= Broadus Erle =

American violinist

Broadus Erle (March 21, 1918 - April 6, 1977) was an American violinist.

Born in Chicago and reared in Toronto, Erle began his violin studies at age 3, taught by his mother, Brownie Earl. (She herself was a violin student of Broadus Farmer, after whom she named her son.) At age 5, he started taking lessons from Pasquale Briglia, concertmaster of the Detroit Symphony Orchestra. By age 6, he was concertizing extensively. He briefly attended the Curtis Institute twice, the first time at age 10, and the second time as a member of the class of 1940. He was also a student at Rollins College, where he was concertmaster of its orchestra.
According to Erle, his most important teacher was Alexander Bloch, a violinist, conductor, and composer who was once a student and assistant of Leopold Auer.

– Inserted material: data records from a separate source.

lemma character_eq_power_int_on_subgroup:
  fixes S :: "'g::{topological_group_add, ab_group_add, t2_space} set"
  assumes cpt: "compact (UNIV :: 'g set)" and S: "closed_add_subgroup S"
    and c: "is_character c" and \<eta>: "is_character \<eta>"
    and triv: "\<And>x. x \<in> S \<Longrightarrow> c x = 1 \<Longrightarrow> \<eta> x = 1"
  obtains k :: int where "\<And>x. x \<in> S \<Longrightarrow> \<eta> x = c x powi k"
proof -
  have fibre: "\<eta> s = \<eta> t" if "s \<in> S" "t \<in> S" "c s = c t" for s t
  proof -
    have "\<eta> (s - t) = 1"
      using that closed_add_subgroup_diff[OF S] character_nonzero[OF c, of t]
      by (intro triv) (simp_all add: character_diff[OF c])
    then show ?thesis
      using character_nonzero[OF \<eta>, of t] by (simp add: character_diff[OF \<eta>])
  qed
  \<comment> \<open>\<eta> factors through c on S; the factor f is continuous because c is a closed map on
    the compact set S.\<close>
  define f where "f = (\<lambda>z. \<eta> (inv_into S c z))"
  have f_c: "f (c s) = \<eta> s" if "s \<in> S" for s
    unfolding f_def using that by (intro fibre) (auto intro: inv_into_into f_inv_into_f)
  have "compact S"
    using cpt S by (rule closed_add_subgroup_compact)
  moreover have "continuous_on S (f \<circ> c)"
    using continuous_on_subset[OF character_continuous[OF \<eta>]]
    by (rule continuous_on_eq) (auto simp: f_c)
  ultimately have "continuous_on (c ` S) f"
    using character_continuous[OF c]
    by (intro continuous_on_compact_image_factor) (auto intro: continuous_on_subset)
  moreover have "f (z * w) = f z * f w" if zw: "z \<in> c ` S" "w \<in> c ` S" for z w
  proof -
    obtain x y where "x \<in> S" "y \<in> S" "z = c x" "w = c y"
      using zw by blast
    moreover have "x + y \<in> S"
      using S \<open>x \<in> S\<close> \<open>y \<in> S\<close> by (simp add: closed_add_subgroup_def)
    ultimately show ?thesis
      by (simp add: f_c character_add[OF c, symmetric] character_add[OF \<eta>])
  qed
  moreover have "f z \<noteq> 0" if "z \<in> c ` S" for z
    using that f_c character_nonzero[OF \<eta>] by auto
  ultimately obtain k where "\<And>z. z \<in> c ` S \<Longrightarrow> f z = z powi k"
    using character_image_closed_circle_subgroup[OF cpt S c]
    by (elim closed_circle_subgroup_hom_eq_power_int) blast+
  then show thesis
    using that[of k] f_c by simp
qed

lemma character_trivial_on_annihilator_agrees_with_gen_subgroup:
  fixes F :: "('g::{topological_group_add, ab_group_add, t2_space} \<Rightarrow> complex) set"
  assumes cpt: "compact (UNIV :: 'g set)" and "finite F" and "\<And>c. c \<in> F \<Longrightarrow> is_character c"
    and "closed_add_subgroup S" and "is_character \<eta>"
    and "\<And>x. x \<in> S \<inter> annihilator F \<Longrightarrow> \<eta> x = 1"
  shows "\<exists>\<psi>\<in>gen_subgroup F. \<forall>x\<in>S. \<eta> x = \<psi> x"
  using assms(2-)
proof (induction F arbitrary: S \<eta> rule: finite_induct)
  case empty
  then show ?case
    by (intro bexI[of _ "\<lambda>x. 1"]) (auto simp: annihilator_def intro: gen_subgroup.one)
next
  case (insert c F)
  have c: "is_character c" and chars: "\<And>d. d \<in> F \<Longrightarrow> is_character d"
    using insert.prems(1) by auto
  have "\<exists>\<psi>\<in>gen_subgroup F. \<forall>x\<in>S \<inter> annihilator {c}. \<eta> x = \<psi> x"
  proof (rule insert.IH[OF chars _ insert.prems(3)])
    show "closed_add_subgroup (S \<inter> annihilator {c})"
      by (intro closed_add_subgroup_Int insert.prems(2) closed_add_subgroup_annihilator)
        (use c in simp)
    fix x assume "x \<in> S \<inter> annihilator {c} \<inter> annihilator F"
    then show "\<eta> x = 1"
      by (intro insert.prems(4)) (auto simp: annihilator_def)
  qed
  then obtain \<psi> where \<psi>: "\<psi> \<in> gen_subgroup F" "\<And>x. x \<in> S \<inter> annihilator {c} \<Longrightarrow> \<eta> x = \<psi> x"
    by blast
  have \<psi>_char: "is_character \<psi>"
    using chars \<psi>(1) by (rule gen_subgroup_characters)
  have quotient_char: "is_character (\<lambda>x. \<eta> x * inverse (\<psi> x))"
    using insert.prems(3) \<psi>_char by (intro is_character_mult is_character_inverse)
  have quotient_triv: "\<eta> x * inverse (\<psi> x) = 1" if "x \<in> S" "c x = 1" for x
    using that \<psi>(2)[of x] character_nonzero[OF \<psi>_char, of x] by (simp add: annihilator_def)
  obtain k where k: "\<And>x. x \<in> S \<Longrightarrow> \<eta> x * inverse (\<psi> x) = c x powi k"
    using character_eq_power_int_on_subgroup[OF cpt insert.prems(2) c quotient_char quotient_triv]
    by blast
  have "\<psi> \<in> gen_subgroup (insert c F)"
    using gen_subgroup_mono[OF \<psi>(1)] by blast
  moreover have "(\<lambda>x. c x powi k) \<in> gen_subgroup (insert c F)"
    by (rule gen_subgroup_power_int[OF gen_subgroup.base]) simp
  ultimately have mem: "(\<lambda>x. \<psi> x * c x powi k) \<in> gen_subgroup (insert c F)"
    by (rule gen_subgroup.mult)
  have eq: "\<eta> x = \<psi> x * c x powi k" if "x \<in> S" for x
  proof -
    have "\<eta> x = (\<eta> x * inverse (\<psi> x)) * \<psi> x"
      using character_nonzero[OF \<psi>_char, of x] by (simp add: mult.assoc)
    also have "\<dots> = \<psi> x * c x powi k"
      unfolding k[OF that] by (rule mult.commute)
    finally show ?thesis .
  qed
  show ?case
    by (rule bexI[OF _ mem]) (simp add: eq)
qed

lemma character_image_annihilator_finite:
  fixes F :: "('g::{topological_group_add, ab_group_add, t2_space} \<Rightarrow> complex) set"
  assumes cpt: "compact (UNIV :: 'g set)" and F: "finite F" and chars: "\<And>c. c \<in> F \<Longrightarrow> is_character c"
    and \<gamma>: "is_character \<gamma>" and indep: "gen_subgroup F \<inter> gen_subgroup {\<gamma>} \<subseteq> {\<lambda>x. 1}"
  shows "\<gamma> ` UNIV \<subseteq> \<gamma> ` annihilator F"
proof -
  have "closed_circle_subgroup (\<gamma> ` annihilator F)"
    using cpt closed_add_subgroup_annihilator[OF chars] \<gamma> by (rule character_image_closed_circle_subgroup)
  then show ?thesis
  proof (cases rule: closed_circle_subgroup_cases)
    case 1
    then show ?thesis
      using character_norm[OF \<gamma>] by auto
  next
    case (2 m)
    have \<gamma>_power: "(\<lambda>x. \<gamma> x ^ m) \<in> gen_subgroup {\<gamma>}"
      by (rule gen_subgroup_power[OF gen_subgroup.base]) simp
    have "\<exists>\<psi>\<in>gen_subgroup F. \<forall>x\<in>UNIV. \<gamma> x ^ m = \<psi> x"
    proof (rule character_trivial_on_annihilator_agrees_with_gen_subgroup[OF cpt F chars])
      show "closed_add_subgroup (UNIV :: 'g set)"
        by (simp add: closed_add_subgroup_def)
      show "is_character (\<lambda>x. \<gamma> x ^ m)"
        using \<gamma>_power by (rule gen_subgroup_characters[rotated]) (use \<gamma> in simp)
      fix x assume "x \<in> UNIV \<inter> annihilator F"
      then have "\<gamma> x \<in> \<gamma> ` annihilator F"
        by blast
      then show "\<gamma> x ^ m = 1"
        using 2 by (simp add: roots_of_unity_def)
    qed
    then obtain \<psi> where "\<psi> \<in> gen_subgroup F" "(\<lambda>x. \<gamma> x ^ m) = \<psi>"
      by auto
    then have "(\<lambda>x. \<gamma> x ^ m) \<in> gen_subgroup F \<inter> gen_subgroup {\<gamma>}"
      using \<gamma>_power by simp
    then have "(\<lambda>x. \<gamma> x ^ m) = (\<lambda>x. 1)"
      using subsetD[OF indep] by simp
    then have "\<gamma> x \<in> \<gamma> ` annihilator F" for x
      using 2 by (simp add: roots_of_unity_def fun_eq_iff)
    then show ?thesis
      by blast
  qed
qed

lemma character_image_annihilator:
  fixes E :: "('g::{topological_group_add, ab_group_add, t2_space} \<Rightarrow> complex) set"
  assumes cpt: "compact (UNIV :: 'g set)" and chars: "\<And>c. c \<in> E \<Longrightarrow> is_character c"
    and \<gamma>: "is_character \<gamma>" and indep: "gen_subgroup E \<inter> gen_subgroup {\<gamma>} \<subseteq> {\<lambda>x. 1}"
  shows "\<gamma> ` annihilator E = \<gamma> ` UNIV"
proof (intro equalityI subsetI)
  fix z
  assume "z \<in> \<gamma> ` UNIV"
  have closed_fibre: "closed {x. d x = w}" if "is_character d" for d w
    by (intro closed_Collect_eq character_continuous[OF that] continuous_on_const)
  have "compact {x. \<gamma> x = z}"
    using compact_Int_closed[OF cpt closed_fibre[OF \<gamma>]] by simp
  then have "{x. \<gamma> x = z} \<inter> (\<Inter>c\<in>E. {x. c x = 1}) \<noteq> {}"
  proof (rule compact_imp_fip_image)
    show "closed {x. c x = 1}" if "c \<in> E" for c
      using closed_fibre chars that by blast
    fix F assume "finite F" "F \<subseteq> E"
    moreover have "gen_subgroup F \<inter> gen_subgroup {\<gamma>} \<subseteq> {\<lambda>x. 1}"
      using indep gen_subgroup_mono[OF _ \<open>F \<subseteq> E\<close>] by blast
    ultimately have "z \<in> \<gamma> ` annihilator F"
      using character_image_annihilator_finite[OF cpt _ _ \<gamma>, of F] chars \<open>z \<in> \<gamma> ` UNIV\<close> by blast
    then show "{x. \<gamma> x = z} \<inter> (\<Inter>c\<in>F. {x. c x = 1}) \<noteq> {}"
      by (auto simp: annihilator_def)
  qed
  then show "z \<in> \<gamma> ` annihilator E"
    by (auto simp: annihilator_def)
qed auto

Erle married Hildegarde Rees on December 24, 1939. They had four children: Robin in 1942, Jacqueline in 1955, Douglas in 1958, and Brian in 1960. They divorced in 1962.

In the 1940s, Erle was concertmaster of the MGM Symphony Orchestra and the Columbia Symphony Orchestra.

Along with violist Walter Trampler, cellist Claus Adam, and violinist Matthew Raimondi, Erle formed in 1948 the highly regarded

New Music Quartet, which specialized in performing and recording modern music. He was the first violinist in this quartet for 8 years. From 1956 to 1960, he served as concertmaster of the newly founded Japan Philharmonic Orchestra in Tokyo. During this period, he also taught at the Toho School of Music in Tokyo.

Erle became a faculty member in the music school at Yale University in 1960 and made several recordings as first violinist of the Yale Quartet. Erle married violinist Yoko Matsuda in 1966, and subsequently married violinist Syoko Aki in 1968. Both were his former violin students at Yale whom he had met at the Toho School.

His other students at Yale have included Marin Alsop,

Ralph Evans,
Shem Guibbory,

Hu Nai-yuan,

Takako Nishizaki,

Peter Salaff,

and Daniel Stepner.

Erle died of cancer at age 59 at his home in Guilford, Connecticut.